Literatürde kafeinin etkisi, 3 adımda tanımlanmıştır (2), bunlardan ilki, organizmanın farklı kısımlarındaki kalsiyum konsantrasyonlarını değiştirerek hücrelerin sinyalden etkilenme ve uyarılabilme potansiyellerini artırmasıdır. 1-2 mikromolarlık solüsyonlarında, kafeinin, kalsiyum iyonu seviyeleriyle oynayarak hücrelerin eşik şiddetini azalttığı ve aktif kas kasılma süresini artırdığı gözlemlenmiştir (2, 5, 6). Ancak bu şekilde bir etkinin yaratılabilmesi için kafeinin plazma konsantrasyonun en az 250 mikromolar olması gerekmektedir. Kahve içtikten sonra bir insanın vücudundaki bu değerin 100 mikromolardan az olduğu bilinmektedir. Dolayısıyla, kahveden gelen kafeinin hayatımızda önemli bir yer etmesine yol açan etkisi bu değildir (2). Kafeinin bir diğer etkisi de, Nehlig ve ark.’ın özetlemiş olduğu gibi, fosfodiesterazları engellemesidir. Bu işlevin çok önem kazandığı bir vücut kısmı da merkezi sinir sistemidir. Burada kafeinin siklik nükleotitlere benzer bir yapıya sahip olduğu için enzimlerin inhibitörlüğünü yaptığı gözlemlenmiştir. Ancak yine bir önceki etki gibi bu sefer de kafeinin etkili olabilmesi için toksik bir düzeyde bulunması gerektiği de kanıtlanmıştır. Dolayısıyla denebilir ki, günlük 25 mg/kg’lik bir kafein tüketimi, hücre içindeki cAMP konsantrasyonunu artırıp fosfodiesteraz aktivitesini değiştirmek için yeterli değildir (7). Sırada, bilim insanlarının kafeinin kullanışlı etkilerinin altında yatabilecek mekanizma olarak gördükleri adenozin reseptörlerini engelleyebilmesi var.
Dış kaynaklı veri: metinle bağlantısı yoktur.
(* Let $n\ge2$, $\alpha\in[0,\pi/2)$, $A,B\in\Pi_{s,\alpha}^n$, $q\in\mathbb{C}$ with $0<|q|\le1$, and $0<t<1$. Then (a) $|q|^2\,w_q(A\#_tB)\le\sec^3(\alpha)\,w_q^{1-t}(A)\,w_q^t(B)$; (b) $|q|^2\,w_q\big(((1-t)A^{-1}+tB^{-1})^{-1}\big)\le\sec^3(\alpha)\big((1-t)w_q^{-1}(A)+t\,w_q^{-1}(B)\big)^{-1}$.
   Context: For $\alpha\in[0,\pi/2)$, $S_\alpha=\{z\in\mathbb{C}:\operatorname{Re}z>0,\ |\operatorname{Im}z|\le\tan(\alpha)\operatorname{Re}z\}$, and $\Pi_{s,\alpha}^n$ is the set of $n\times n$ complex matrices whose numerical range is contained in $S_\alpha$. For an operator monotone $f:(0,\infty)\to(0,\infty)$ with $f(1)=1$ and probability measure $\nu_f$ on $[0,1]$ with $f(x)=\int_0^1((1-s)+sx^{-1})^{-1}d\nu_f(s)$, and accretive $X,Y$: $X\sigma_fY=\int_0^1((1-s)X^{-1}+sY^{-1})^{-1}d\nu_f(s)$. The weighted geometric mean is $A\#_tB=A\sigma_{f}B$ with $f(x)=x^t$ (equivalently $A\#_tB=\frac{\sin(t\pi)}{\pi}\int_0^\infty s^{t-1}(A^{-1}+sB^{-1})^{-1}ds$). $w_q(X)=\sup\{|\langle Xx,y\rangle|:\|x\|=\|y\|=1,\ \langle x,y\rangle=q\}$, with $w_q^{r}(X)=(w_q(X))^r$. *)

theory Defs
  imports "HOL-Analysis.Analysis"
begin

definition cinner :: "complex^'n \<Rightarrow> complex^'n \<Rightarrow> complex" where
  "cinner x y = (\<Sum>i\<in>UNIV. x $ i * cnj (y $ i))"

definition numerical_range :: "complex^'n^'n \<Rightarrow> complex set" where
  "numerical_range X = {cinner (X *v x) x | x. norm x = 1}"

definition sector :: "real \<Rightarrow> complex set" where
  "sector \<alpha> = {z. 0 < Re z \<and> \<bar>Im z\<bar> \<le> tan \<alpha> * Re z}"

definition Pi_sector :: "real \<Rightarrow> (complex^'n^'n) set" where
  "Pi_sector \<alpha> = {X. numerical_range X \<subseteq> sector \<alpha>}"

definition geo_mean :: "real \<Rightarrow> complex^'n^'n \<Rightarrow> complex^'n^'n \<Rightarrow> complex^'n^'n" where
  "geo_mean t A B = (sin (t * pi) / pi) *\<^sub>R
     integral {0<..} (\<lambda>s::real. (s powr (t - 1)) *\<^sub>R
        matrix_inv (matrix_inv A + s *\<^sub>R matrix_inv B))"

definition wq :: "complex \<Rightarrow> complex^'n^'n \<Rightarrow> real" where
  "wq q X = Sup {cmod (cinner (X *v x) y) | x y. norm x = 1 \<and> norm y = 1 \<and> cinner x y = q}"

end

theory Submission
  imports Defs
begin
Bu hipotezler, aslında Sattin ve Rall’ın laboratuvar çalışmalarına dayanır. Bunu anlayabilmek için öncelikle adenozinin in vivo etkilerini inceleyelim. Genel olarak bakıldığında adenozin ve türevleri, kafeine ters etkiler yaratmaktadır. Bu etkilere örnek olarak, sinir hücrelerinin elektriksel aktivitelerinin ve nörotransmiter salgılanmasının engellenmesi verilebilir. Adenozinin hareketin önüne geçen etkileri, kafein tüketimiyle engellenebilir. Bunun öncelikli nedeni de daha önce belirtildiği gibi, kafein maddesinin adenozin reseptörlerine rahatça bağlanarak normalde gerçekleşecek durumun tam tersini yaratabilmeleridir. Kafeinin bu etkisini kullanan önemli bir grup da dayanıklılıklarını artırmak isteyen sporculardır (8). Spor sırasında birikerek yorgunluğa ve genel olarak performansta düşüşe neden olan adenozine engel olabilmek için kafein ve türevleri aynı şekilde reseptörlerine bağlanabilirler.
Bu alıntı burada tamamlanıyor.